■ **Task instructions**
Lines below starting with the line with "by (intro sum_mono" and going on through the line with "define large_noise where" must be output exactly; the rest of the records must be left out.

■ **Material to process**
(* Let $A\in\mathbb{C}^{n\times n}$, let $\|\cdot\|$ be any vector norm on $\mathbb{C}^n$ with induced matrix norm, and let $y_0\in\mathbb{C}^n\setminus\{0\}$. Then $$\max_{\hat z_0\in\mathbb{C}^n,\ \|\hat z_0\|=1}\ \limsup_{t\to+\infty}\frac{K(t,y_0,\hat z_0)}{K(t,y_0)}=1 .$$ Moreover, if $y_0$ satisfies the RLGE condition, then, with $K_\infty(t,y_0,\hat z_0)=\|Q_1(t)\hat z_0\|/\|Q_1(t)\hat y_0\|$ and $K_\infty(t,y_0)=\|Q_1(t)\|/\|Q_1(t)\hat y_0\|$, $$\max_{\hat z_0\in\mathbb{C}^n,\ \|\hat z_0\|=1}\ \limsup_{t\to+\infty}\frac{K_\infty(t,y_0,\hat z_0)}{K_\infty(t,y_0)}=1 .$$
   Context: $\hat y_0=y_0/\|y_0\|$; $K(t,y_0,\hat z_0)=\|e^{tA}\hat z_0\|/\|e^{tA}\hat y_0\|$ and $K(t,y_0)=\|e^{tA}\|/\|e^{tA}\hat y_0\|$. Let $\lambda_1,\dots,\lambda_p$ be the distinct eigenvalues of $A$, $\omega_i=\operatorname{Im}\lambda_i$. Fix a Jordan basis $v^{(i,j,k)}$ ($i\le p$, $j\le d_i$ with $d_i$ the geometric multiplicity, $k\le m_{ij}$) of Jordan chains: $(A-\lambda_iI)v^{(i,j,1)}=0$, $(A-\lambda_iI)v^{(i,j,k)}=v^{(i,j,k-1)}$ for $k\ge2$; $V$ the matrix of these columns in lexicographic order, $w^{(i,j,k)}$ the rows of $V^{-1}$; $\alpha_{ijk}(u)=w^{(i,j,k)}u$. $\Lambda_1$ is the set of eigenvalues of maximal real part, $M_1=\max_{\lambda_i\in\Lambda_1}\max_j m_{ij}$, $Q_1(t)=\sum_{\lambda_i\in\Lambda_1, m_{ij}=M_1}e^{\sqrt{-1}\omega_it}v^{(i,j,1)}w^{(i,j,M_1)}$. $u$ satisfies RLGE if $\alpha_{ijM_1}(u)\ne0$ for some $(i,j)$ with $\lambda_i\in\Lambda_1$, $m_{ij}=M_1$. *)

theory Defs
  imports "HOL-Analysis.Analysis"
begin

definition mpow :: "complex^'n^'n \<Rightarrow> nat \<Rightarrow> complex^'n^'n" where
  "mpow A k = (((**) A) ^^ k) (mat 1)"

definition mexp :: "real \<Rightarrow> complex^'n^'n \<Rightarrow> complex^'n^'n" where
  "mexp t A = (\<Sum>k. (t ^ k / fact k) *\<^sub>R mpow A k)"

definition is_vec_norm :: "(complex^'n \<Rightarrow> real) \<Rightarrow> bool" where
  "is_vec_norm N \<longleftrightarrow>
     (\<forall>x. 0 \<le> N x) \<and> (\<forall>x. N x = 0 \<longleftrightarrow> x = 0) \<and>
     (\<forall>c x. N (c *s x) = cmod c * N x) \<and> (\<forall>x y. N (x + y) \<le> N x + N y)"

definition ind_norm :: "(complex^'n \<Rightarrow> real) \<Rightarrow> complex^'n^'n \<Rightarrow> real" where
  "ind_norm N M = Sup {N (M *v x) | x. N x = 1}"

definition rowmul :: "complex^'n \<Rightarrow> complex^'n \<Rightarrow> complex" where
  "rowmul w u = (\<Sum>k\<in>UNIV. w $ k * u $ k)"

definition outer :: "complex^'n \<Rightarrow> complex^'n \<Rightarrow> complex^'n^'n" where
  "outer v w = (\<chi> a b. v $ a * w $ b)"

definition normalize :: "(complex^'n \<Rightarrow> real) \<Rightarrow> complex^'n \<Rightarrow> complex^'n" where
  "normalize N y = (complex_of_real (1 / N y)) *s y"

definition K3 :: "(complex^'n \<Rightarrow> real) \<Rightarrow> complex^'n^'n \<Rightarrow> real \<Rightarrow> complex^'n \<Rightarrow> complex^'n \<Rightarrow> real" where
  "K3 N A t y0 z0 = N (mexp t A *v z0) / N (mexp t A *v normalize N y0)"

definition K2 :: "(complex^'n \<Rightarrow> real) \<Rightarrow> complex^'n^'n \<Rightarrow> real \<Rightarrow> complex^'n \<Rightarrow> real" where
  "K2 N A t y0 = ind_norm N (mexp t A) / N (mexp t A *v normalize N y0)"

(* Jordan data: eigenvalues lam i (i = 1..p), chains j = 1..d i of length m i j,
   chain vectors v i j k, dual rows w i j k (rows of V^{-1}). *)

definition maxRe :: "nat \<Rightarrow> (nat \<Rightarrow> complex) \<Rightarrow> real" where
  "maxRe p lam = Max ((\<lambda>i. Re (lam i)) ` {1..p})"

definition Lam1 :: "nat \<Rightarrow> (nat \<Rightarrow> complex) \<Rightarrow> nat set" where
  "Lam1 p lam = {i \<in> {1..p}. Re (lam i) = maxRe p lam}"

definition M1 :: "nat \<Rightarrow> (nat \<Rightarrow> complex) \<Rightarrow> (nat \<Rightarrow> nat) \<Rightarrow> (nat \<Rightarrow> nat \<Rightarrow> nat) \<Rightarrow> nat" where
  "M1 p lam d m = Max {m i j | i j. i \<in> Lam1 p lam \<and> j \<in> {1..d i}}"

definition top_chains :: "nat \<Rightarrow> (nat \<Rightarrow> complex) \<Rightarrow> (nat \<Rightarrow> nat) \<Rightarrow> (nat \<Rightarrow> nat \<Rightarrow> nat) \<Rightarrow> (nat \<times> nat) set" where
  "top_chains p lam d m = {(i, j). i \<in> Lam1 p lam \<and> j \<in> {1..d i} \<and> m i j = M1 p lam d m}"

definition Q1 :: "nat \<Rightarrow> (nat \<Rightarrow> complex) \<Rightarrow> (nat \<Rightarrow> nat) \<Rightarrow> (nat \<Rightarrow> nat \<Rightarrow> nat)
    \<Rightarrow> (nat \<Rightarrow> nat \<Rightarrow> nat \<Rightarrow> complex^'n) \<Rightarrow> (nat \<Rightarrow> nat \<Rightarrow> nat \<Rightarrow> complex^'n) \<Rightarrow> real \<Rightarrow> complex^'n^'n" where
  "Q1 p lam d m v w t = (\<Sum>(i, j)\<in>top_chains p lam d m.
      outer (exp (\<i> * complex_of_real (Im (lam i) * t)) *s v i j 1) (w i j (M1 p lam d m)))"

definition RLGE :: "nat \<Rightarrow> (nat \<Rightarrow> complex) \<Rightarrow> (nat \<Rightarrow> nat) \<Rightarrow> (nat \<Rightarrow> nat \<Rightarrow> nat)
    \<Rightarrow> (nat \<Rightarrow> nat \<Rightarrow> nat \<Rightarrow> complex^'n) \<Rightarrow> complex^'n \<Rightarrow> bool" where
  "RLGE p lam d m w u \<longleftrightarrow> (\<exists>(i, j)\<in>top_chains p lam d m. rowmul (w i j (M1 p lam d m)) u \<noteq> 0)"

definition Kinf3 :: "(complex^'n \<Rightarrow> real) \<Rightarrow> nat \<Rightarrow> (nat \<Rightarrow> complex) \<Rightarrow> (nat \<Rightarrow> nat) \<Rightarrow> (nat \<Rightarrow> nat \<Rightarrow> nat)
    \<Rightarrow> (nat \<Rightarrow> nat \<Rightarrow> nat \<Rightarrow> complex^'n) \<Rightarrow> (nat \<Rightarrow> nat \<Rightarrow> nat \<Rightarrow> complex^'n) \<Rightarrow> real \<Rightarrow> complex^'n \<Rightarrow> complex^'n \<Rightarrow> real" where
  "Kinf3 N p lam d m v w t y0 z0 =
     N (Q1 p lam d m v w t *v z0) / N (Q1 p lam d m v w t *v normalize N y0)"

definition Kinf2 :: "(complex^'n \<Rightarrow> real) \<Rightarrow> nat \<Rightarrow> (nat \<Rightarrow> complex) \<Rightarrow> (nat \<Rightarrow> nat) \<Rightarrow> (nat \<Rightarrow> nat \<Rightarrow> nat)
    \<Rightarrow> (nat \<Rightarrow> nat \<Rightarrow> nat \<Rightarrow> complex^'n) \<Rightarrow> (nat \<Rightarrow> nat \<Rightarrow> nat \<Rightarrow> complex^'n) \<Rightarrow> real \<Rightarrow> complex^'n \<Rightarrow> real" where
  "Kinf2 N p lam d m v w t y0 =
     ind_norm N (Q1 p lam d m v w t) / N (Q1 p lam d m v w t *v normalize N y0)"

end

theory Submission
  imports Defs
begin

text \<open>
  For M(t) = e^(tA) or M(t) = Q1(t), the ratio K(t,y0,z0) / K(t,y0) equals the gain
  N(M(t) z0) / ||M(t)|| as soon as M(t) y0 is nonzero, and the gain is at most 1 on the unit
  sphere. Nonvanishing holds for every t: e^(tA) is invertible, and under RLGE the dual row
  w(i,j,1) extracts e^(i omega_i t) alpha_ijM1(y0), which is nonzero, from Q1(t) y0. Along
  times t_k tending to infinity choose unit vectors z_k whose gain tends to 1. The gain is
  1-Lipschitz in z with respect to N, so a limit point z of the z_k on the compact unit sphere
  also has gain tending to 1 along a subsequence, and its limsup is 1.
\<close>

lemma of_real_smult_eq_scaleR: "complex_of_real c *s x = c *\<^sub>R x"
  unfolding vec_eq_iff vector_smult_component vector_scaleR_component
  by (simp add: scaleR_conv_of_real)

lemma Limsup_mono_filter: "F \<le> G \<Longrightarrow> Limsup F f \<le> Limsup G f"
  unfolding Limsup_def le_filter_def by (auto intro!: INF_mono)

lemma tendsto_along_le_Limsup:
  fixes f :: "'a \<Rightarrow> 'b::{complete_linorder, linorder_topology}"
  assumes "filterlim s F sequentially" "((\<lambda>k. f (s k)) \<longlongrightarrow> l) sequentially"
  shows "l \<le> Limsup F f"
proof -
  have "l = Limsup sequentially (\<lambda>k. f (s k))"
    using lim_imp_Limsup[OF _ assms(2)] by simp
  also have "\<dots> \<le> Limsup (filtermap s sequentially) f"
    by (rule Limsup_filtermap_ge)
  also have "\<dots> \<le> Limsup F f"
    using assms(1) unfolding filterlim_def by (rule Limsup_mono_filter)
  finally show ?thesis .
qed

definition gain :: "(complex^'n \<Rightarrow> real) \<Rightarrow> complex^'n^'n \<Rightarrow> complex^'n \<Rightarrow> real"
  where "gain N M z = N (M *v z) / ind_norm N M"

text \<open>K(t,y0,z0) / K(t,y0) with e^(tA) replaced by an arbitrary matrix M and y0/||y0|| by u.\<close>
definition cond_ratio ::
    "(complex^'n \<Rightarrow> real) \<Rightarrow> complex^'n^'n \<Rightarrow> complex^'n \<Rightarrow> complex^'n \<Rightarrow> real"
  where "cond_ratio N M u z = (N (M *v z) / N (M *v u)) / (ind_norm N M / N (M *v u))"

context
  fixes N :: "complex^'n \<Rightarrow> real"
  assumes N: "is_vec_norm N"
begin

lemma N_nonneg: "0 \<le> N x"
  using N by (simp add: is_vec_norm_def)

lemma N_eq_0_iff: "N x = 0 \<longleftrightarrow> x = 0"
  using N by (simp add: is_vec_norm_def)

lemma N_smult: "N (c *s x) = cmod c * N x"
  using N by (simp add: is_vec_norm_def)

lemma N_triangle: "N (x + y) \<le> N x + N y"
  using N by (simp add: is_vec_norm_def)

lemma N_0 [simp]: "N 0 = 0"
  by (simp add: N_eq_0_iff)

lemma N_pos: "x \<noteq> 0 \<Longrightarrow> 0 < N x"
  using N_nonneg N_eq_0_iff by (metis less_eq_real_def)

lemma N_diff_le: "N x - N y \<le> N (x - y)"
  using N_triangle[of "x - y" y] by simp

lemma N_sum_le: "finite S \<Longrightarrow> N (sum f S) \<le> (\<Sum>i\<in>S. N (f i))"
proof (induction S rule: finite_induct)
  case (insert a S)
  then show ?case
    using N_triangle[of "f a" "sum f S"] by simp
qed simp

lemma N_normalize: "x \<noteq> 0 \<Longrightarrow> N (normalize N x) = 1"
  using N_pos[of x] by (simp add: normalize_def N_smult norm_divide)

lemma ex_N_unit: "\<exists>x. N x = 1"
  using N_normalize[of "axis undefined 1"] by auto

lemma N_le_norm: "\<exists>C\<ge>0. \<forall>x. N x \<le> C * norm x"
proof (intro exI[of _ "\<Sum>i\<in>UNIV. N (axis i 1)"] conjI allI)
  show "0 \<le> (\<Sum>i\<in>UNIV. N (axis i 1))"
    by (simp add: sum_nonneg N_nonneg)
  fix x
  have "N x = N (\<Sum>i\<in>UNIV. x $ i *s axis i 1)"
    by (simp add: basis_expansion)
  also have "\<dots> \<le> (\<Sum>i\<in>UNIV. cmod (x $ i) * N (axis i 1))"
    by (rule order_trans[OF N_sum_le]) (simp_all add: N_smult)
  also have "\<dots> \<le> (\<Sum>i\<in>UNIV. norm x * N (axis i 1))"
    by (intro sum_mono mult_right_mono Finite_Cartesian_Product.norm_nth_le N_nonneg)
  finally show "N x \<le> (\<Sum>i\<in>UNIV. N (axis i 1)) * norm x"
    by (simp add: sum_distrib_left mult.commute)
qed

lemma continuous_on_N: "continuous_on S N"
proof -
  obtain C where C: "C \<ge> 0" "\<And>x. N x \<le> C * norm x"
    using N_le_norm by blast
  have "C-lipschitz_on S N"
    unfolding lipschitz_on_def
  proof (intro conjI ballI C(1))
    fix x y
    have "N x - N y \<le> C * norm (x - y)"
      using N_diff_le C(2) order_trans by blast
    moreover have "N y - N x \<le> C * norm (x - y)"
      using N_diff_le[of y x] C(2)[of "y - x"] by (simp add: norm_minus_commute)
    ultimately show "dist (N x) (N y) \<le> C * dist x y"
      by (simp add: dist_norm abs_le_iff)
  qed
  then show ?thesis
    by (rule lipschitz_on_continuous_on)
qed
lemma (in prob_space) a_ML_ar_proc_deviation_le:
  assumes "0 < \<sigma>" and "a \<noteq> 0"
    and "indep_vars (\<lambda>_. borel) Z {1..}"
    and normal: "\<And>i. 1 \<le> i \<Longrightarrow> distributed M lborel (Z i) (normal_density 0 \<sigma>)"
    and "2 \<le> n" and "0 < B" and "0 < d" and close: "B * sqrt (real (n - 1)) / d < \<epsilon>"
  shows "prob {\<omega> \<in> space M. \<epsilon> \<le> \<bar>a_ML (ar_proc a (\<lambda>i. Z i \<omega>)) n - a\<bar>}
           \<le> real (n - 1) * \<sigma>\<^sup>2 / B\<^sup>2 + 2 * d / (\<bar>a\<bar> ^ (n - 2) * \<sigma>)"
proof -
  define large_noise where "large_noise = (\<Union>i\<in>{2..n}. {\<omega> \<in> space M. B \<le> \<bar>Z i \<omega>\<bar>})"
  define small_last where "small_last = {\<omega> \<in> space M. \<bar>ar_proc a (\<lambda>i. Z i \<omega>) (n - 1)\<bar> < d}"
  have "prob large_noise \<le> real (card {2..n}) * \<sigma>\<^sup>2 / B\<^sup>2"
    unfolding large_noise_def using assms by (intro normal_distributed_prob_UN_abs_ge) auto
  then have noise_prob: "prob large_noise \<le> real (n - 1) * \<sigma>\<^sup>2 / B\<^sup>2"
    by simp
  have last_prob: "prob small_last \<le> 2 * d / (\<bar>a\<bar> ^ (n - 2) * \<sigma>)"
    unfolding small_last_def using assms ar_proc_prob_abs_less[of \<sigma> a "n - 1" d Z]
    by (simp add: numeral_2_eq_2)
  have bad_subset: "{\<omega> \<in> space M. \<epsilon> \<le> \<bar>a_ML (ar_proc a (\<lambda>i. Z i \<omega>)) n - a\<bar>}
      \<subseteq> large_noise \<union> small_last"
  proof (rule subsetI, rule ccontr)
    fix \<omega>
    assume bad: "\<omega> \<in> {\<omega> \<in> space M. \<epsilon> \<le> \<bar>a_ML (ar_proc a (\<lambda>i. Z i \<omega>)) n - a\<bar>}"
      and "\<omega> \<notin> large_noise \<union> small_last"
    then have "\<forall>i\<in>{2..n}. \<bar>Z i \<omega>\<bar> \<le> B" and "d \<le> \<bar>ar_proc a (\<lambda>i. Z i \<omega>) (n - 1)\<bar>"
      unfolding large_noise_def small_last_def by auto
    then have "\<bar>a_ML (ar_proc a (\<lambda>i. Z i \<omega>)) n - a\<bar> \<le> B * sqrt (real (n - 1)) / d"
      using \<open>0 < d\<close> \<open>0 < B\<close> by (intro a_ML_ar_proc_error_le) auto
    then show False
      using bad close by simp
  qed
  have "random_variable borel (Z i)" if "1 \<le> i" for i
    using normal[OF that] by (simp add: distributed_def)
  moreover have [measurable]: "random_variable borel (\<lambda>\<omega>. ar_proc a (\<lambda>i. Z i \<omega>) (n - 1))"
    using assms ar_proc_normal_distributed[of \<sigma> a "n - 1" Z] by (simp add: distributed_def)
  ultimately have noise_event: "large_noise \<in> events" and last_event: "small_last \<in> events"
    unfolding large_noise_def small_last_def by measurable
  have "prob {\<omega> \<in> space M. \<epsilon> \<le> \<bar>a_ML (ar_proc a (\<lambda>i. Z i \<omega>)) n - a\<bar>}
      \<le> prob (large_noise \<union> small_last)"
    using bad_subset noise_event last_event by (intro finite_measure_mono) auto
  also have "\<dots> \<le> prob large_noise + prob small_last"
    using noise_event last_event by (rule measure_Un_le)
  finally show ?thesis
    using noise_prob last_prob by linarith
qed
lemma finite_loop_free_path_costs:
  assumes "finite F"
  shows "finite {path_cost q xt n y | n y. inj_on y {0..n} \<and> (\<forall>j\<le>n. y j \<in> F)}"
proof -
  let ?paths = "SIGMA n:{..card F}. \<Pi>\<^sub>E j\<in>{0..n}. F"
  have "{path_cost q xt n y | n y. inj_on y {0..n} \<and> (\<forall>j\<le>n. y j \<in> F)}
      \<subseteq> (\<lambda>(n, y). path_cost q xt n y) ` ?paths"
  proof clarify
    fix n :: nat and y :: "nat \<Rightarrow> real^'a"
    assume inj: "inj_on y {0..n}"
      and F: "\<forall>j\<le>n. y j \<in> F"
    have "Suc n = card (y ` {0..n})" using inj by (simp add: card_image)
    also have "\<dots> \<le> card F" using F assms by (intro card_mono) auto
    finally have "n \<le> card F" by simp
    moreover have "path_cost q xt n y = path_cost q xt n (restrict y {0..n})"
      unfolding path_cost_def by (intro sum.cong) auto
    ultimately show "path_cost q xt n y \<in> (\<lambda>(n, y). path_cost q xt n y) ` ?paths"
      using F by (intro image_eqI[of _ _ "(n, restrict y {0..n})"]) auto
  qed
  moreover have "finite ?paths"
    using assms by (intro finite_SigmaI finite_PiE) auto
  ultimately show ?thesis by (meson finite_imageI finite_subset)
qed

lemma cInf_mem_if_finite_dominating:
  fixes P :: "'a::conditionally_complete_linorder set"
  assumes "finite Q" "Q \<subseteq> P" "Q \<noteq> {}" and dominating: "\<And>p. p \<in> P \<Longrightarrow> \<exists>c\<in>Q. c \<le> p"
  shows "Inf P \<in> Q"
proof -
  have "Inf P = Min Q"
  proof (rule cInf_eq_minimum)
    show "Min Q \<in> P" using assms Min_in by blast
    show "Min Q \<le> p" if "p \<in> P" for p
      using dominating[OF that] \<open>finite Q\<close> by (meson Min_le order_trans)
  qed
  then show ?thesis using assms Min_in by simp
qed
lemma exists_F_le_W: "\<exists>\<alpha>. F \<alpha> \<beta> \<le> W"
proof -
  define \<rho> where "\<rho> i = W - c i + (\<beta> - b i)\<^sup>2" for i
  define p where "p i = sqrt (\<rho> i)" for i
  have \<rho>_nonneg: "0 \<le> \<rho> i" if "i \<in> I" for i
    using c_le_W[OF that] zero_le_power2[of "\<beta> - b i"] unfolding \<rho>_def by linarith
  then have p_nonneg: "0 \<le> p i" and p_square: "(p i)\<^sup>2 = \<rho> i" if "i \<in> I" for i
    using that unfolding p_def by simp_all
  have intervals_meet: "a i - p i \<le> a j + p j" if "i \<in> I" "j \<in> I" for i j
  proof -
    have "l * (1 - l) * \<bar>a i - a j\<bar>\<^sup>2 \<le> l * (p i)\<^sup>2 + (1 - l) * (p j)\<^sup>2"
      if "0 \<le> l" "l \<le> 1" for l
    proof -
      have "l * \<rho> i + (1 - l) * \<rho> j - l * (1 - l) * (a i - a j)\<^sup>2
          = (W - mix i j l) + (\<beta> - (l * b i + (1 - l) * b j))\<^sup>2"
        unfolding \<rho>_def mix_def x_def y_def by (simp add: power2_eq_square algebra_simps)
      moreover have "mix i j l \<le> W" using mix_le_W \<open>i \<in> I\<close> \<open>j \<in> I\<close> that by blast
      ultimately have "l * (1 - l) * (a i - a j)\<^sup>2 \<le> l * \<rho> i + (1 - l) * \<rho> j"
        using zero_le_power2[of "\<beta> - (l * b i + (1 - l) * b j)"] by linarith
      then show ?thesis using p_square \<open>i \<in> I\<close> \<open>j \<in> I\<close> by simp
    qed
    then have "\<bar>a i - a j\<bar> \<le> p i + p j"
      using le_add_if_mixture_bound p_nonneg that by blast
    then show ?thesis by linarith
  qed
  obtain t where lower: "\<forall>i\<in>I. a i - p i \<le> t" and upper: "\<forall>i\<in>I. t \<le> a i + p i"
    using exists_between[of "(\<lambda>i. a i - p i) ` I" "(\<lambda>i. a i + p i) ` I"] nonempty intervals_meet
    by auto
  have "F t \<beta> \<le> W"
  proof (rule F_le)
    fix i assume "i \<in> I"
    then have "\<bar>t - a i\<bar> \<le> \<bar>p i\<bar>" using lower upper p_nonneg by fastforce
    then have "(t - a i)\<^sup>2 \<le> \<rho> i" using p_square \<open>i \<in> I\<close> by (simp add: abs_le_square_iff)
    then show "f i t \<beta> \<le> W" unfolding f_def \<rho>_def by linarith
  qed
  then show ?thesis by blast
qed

■ **Response box**
    by (intro sum_mono mult_right_mono Finite_Cartesian_Product.norm_nth_le N_nonneg)
  finally show "N x \<le> (\<Sum>i\<in>UNIV. N (axis i 1)) * norm x"
    by (simp add: sum_distrib_left mult.commute)
qed

lemma continuous_on_N: "continuous_on S N"
proof -
  obtain C where C: "C \<ge> 0" "\<And>x. N x \<le> C * norm x"
    using N_le_norm by blast
  have "C-lipschitz_on S N"
    unfolding lipschitz_on_def
  proof (intro conjI ballI C(1))
    fix x y
    have "N x - N y \<le> C * norm (x - y)"
      using N_diff_le C(2) order_trans by blast
    moreover have "N y - N x \<le> C * norm (x - y)"
      using N_diff_le[of y x] C(2)[of "y - x"] by (simp add: norm_minus_commute)
    ultimately show "dist (N x) (N y) \<le> C * dist x y"
      by (simp add: dist_norm abs_le_iff)
  qed
  then show ?thesis
    by (rule lipschitz_on_continuous_on)
qed
lemma (in prob_space) a_ML_ar_proc_deviation_le:
  assumes "0 < \<sigma>" and "a \<noteq> 0"
    and "indep_vars (\<lambda>_. borel) Z {1..}"
    and normal: "\<And>i. 1 \<le> i \<Longrightarrow> distributed M lborel (Z i) (normal_density 0 \<sigma>)"
    and "2 \<le> n" and "0 < B" and "0 < d" and close: "B * sqrt (real (n - 1)) / d < \<epsilon>"
  shows "prob {\<omega> \<in> space M. \<epsilon> \<le> \<bar>a_ML (ar_proc a (\<lambda>i. Z i \<omega>)) n - a\<bar>}
           \<le> real (n - 1) * \<sigma>\<^sup>2 / B\<^sup>2 + 2 * d / (\<bar>a\<bar> ^ (n - 2) * \<sigma>)"
proof -
  define large_noise where "large_noise = (\<Union>i\<in>{2..n}. {\<omega> \<in> space M. B \<le> \<bar>Z i \<omega>\<bar>})"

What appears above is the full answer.